■ **WHAT IS NEEDED**:
Output the line that contains "(\<lambda>s. 1 /", then every line beneath it through the end of the records, exactly as given and with no other lines.

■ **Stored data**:

lemma abs_mult_poly_sin_multiple_poly_le:
  assumes "\<bar>s\<bar> \<le> 1"
  shows "\<bar>s\<bar> * \<bar>poly (sin_multiple_poly r) s\<bar> \<le> 1"
proof -
  have "s * poly (sin_multiple_poly r) s = sin (real (2 * r + 1) * arcsin s)"
    using poly_sin_multiple_poly_sin[of r "arcsin s"] assms by (simp add: mult.commute)
  then have "\<bar>s * poly (sin_multiple_poly r) s\<bar> \<le> 1"
    by (simp only: abs_sin_le_one)
  then show ?thesis
    by (simp add: abs_mult)
qed

lemma poly_sin_multiple_poly_ge:
  assumes "0 \<le> s" "s \<le> 1 / (4 * real (2 * r + 1))"
  shows "real (r + 1) \<le> poly (sin_multiple_poly r) s"
proof (cases "s = 0")
  case True
  then show ?thesis
    by (simp add: poly_sin_multiple_poly_0)
next
  case False
  then have s0: "0 < s"
    using assms by simp
  have s1: "s \<le> 1 / 4"
    using assms(2) by (rule order_trans) (auto simp: field_simps)
  define x where "x = arcsin s"
  have sx: "sin x = s"
    unfolding x_def using assms s1 by simp
  have x0: "0 \<le> x"
    unfolding x_def using s0 s1 arcsin_le_mono[of 0 s] by simp
  have "s \<le> sin (2 * s)"
    using sin_ge_half[of "2 * s"] s0 s1 by simp
  then have "x \<le> arcsin (sin (2 * s))"
    unfolding x_def using arcsin_le_mono[of s "sin (2 * s)"] abs_sin_le_one[of "2 * s"] s0 s1 by simp
  also have "\<dots> = 2 * s"
    using s1 s0 pi_ge_two by (intro arcsin_sin) auto
  finally have "real (2 * r + 1) * x \<le> real (2 * r + 1) * (2 * s)"
    by (intro mult_left_mono) auto
  also have "\<dots> \<le> 1 / 2"
    using assms(2) by (simp add: field_simps)
  also have "\<dots> \<le> pi / 3"
    using pi_ge_two by simp
  finally have "real (r + 1) * s \<le> poly (sin_multiple_poly r) s * s"
    using sin_odd_multiple_ge[OF x0] poly_sin_multiple_poly_sin[of r x] unfolding sx by simp
  then show ?thesis
    by (rule mult_right_le_imp_le[OF _ s0])
qed

section \<open>The Jackson kernel\<close>

definition jackson_kernel :: "nat \<Rightarrow> real poly" where
  "jackson_kernel r = sin_multiple_poly r ^ 4"

definition jackson_mass :: "nat \<Rightarrow> real" where
  "jackson_mass r = (\<integral>s. indicator {-1..1} s * poly (jackson_kernel r) s \<partial>lborel)"

definition jackson_moment :: "nat \<Rightarrow> real" where
  "jackson_moment r = (\<integral>s. indicator {-1..1} s * (\<bar>s\<bar> * poly (jackson_kernel r) s) \<partial>lborel)"

lemma integrable_indicator_Icc_mult:
  fixes f :: "real \<Rightarrow> real"
  assumes "continuous_on {a..b} f"
  shows "integrable lborel (\<lambda>s. indicator {a..b} s * f s)"
  using borel_integrable_compact[OF compact_Icc assms] by simp

lemma poly_jackson_kernel_nonneg: "0 \<le> poly (jackson_kernel r) s"
  by (simp add: jackson_kernel_def zero_le_even_power)

lemma degree_jackson_kernel: "degree (jackson_kernel r) \<le> 8 * r"
  using degree_sin_multiple_poly[of r] degree_power_le[of "sin_multiple_poly r" 4]
  unfolding jackson_kernel_def by linarith

lemma sum_abs_coeff_jackson_kernel_le: "(\<Sum>j\<le>D. \<bar>coeff (jackson_kernel r) j\<bar>) \<le> 2401 * 9 ^ (4 * r)"
proof -
  have "(\<Sum>j\<le>D. \<bar>coeff (jackson_kernel r) j\<bar>) \<le> poly (sin_multiple_majorant r ^ 4) 1"
    unfolding jackson_kernel_def
    by (intro sum_abs_coeff_le_poly_one coeff_dominated_power coeff_dominated_sin_multiple)
  also have "\<dots> \<le> (7 * 9 ^ r) ^ 4"
    unfolding poly_power by (intro power_mono) (use poly_sin_multiple_majorant_one[of r] in auto)
  also have "\<dots> = 2401 * 9 ^ (4 * r)"
    by (simp add: power_mult_distrib power_mult[symmetric] mult.commute)
  finally show ?thesis .
qed

text \<open>The kernel is at least \<open>(m/2)^4\<close> on \<open>[0, 1/(4m)]\<close>, where \<open>m = 2r+1\<close>.\<close>
lemma jackson_mass_ge: "real (2 * r + 1) ^ 3 / 64 \<le> jackson_mass r"
proof -
  define m where "m = real (2 * r + 1)"
  have m1: "1 \<le> m"
    unfolding m_def by simp
  define d where "d = 1 / (4 * m)"
  have d: "0 \<le> d" "d \<le> 1"
    unfolding d_def using m1 by (auto simp: field_simps)
  have "(\<integral>s. indicator {0..d} s * (m / 2) ^ 4 \<partial>lborel) \<le> jackson_mass r"
    unfolding jackson_mass_def
  proof (rule integral_mono)
    show "integrable lborel (\<lambda>s. indicator {0..d} s * (m / 2) ^ 4)"
      using d by (intro integrable_mult_left integrable_real_indicator) auto
    show "integrable lborel (\<lambda>s. indicator {-1..1} s * poly (jackson_kernel r) s)"
      by (intro integrable_indicator_Icc_mult continuous_intros)
    fix s :: real
    show "indicator {0..d} s * (m / 2) ^ 4 \<le> indicator {-1..1} s * poly (jackson_kernel r) s"
    proof (cases "s \<in> {0..d}")
      case True
      have "m / 2 \<le> real (r + 1)"
        unfolding m_def by simp
      also have "\<dots> \<le> poly (sin_multiple_poly r) s"
        using True unfolding d_def m_def by (intro poly_sin_multiple_poly_ge) auto
      finally have "(m / 2) ^ 4 \<le> poly (jackson_kernel r) s"
        unfolding jackson_kernel_def poly_power by (rule power_mono) (use m1 in simp)
      then show ?thesis
        using True d by (simp add: indicator_def)
    qed (simp add: poly_jackson_kernel_nonneg)
  qed
  also have "(\<integral>s. indicator {0..d} s * (m / 2) ^ 4 \<partial>lborel) = m ^ 3 / 64"
    using d m1 unfolding d_def by (simp add: field_simps eval_nat_numeral)
  finally show ?thesis
    unfolding m_def .
qed

lemma integral_inverse_cube:
  fixes a b :: real
  assumes "0 < a" "a \<le> b"
  shows "(\<integral>s. indicator {a..b} s * (1 / \<bar>s\<bar> ^ 3) \<partial>lborel) = (1 / a\<^sup>2 - 1 / b\<^sup>2) / 2"
proof -
  have "(\<integral>s. indicator {a..b} s * (1 / \<bar>s\<bar> ^ 3) \<partial>lborel) = (\<integral>s. indicator {a..b} s *\<^sub>R (1 / s ^ 3) \<partial>lborel)"
    using assms by (intro Bochner_Integration.integral_cong) (auto split: split_indicator)
  also have "\<dots> = - 1 / (2 * b\<^sup>2) - - 1 / (2 * a\<^sup>2)"
  proof (rule integral_FTC_atLeastAtMost[OF assms(2)])
    fix x assume "a \<le> x" "x \<le> b"
    then have "x \<noteq> 0"
      using assms by auto
    then show "((\<lambda>s. - 1 / (2 * s\<^sup>2)) has_vector_derivative 1 / x ^ 3) (at x within {a..b})"
      unfolding has_real_derivative_iff_has_vector_derivative[symmetric]
      by (auto intro!: derivative_eq_intros simp: field_simps eval_nat_numeral)
  next
    show "continuous_on {a..b} (\<lambda>s. 1 / s ^ 3)"
      using assms by (intro continuous_intros) auto
  qed
  finally show ?thesis
    by (simp add: field_simps)
qed

lemma integral_inverse_cube_reflect:
  fixes a b :: real
  shows "(\<integral>s. indicator {-b..-a} s * (1 / \<bar>s\<bar> ^ 3) \<partial>lborel) = (\<integral>s. indicator {a..b} s * (1 / \<bar>s\<bar> ^ 3) \<partial>lborel)"
proof -
  have "(\<integral>s. indicator {-b..-a} s * (1 / \<bar>s\<bar> ^ 3) \<partial>lborel)
      = \<bar>-1\<bar> *\<^sub>R (\<integral>s. indicator {-b..-a} (0 + -1 * s) * (1 / \<bar>0 + -1 * s\<bar> ^ 3) \<partial>lborel)"
    by (rule lborel_integral_real_affine) simp
  then show ?thesis
    by (simp add: indicator_def conj_commute)
qed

■ **RESULT**:
    show "continuous_on {a..b} (\<lambda>s. 1 / s ^ 3)"
      using assms by (intro continuous_intros) auto
  qed
  finally show ?thesis
    by (simp add: field_simps)
qed

lemma integral_inverse_cube_reflect:
  fixes a b :: real
  shows "(\<integral>s. indicator {-b..-a} s * (1 / \<bar>s\<bar> ^ 3) \<partial>lborel) = (\<integral>s. indicator {a..b} s * (1 / \<bar>s\<bar> ^ 3) \<partial>lborel)"
proof -
  have "(\<integral>s. indicator {-b..-a} s * (1 / \<bar>s\<bar> ^ 3) \<partial>lborel)
      = \<bar>-1\<bar> *\<^sub>R (\<integral>s. indicator {-b..-a} (0 + -1 * s) * (1 / \<bar>0 + -1 * s\<bar> ^ 3) \<partial>lborel)"
    by (rule lborel_integral_real_affine) simp
  then show ?thesis
    by (simp add: indicator_def conj_commute)
qed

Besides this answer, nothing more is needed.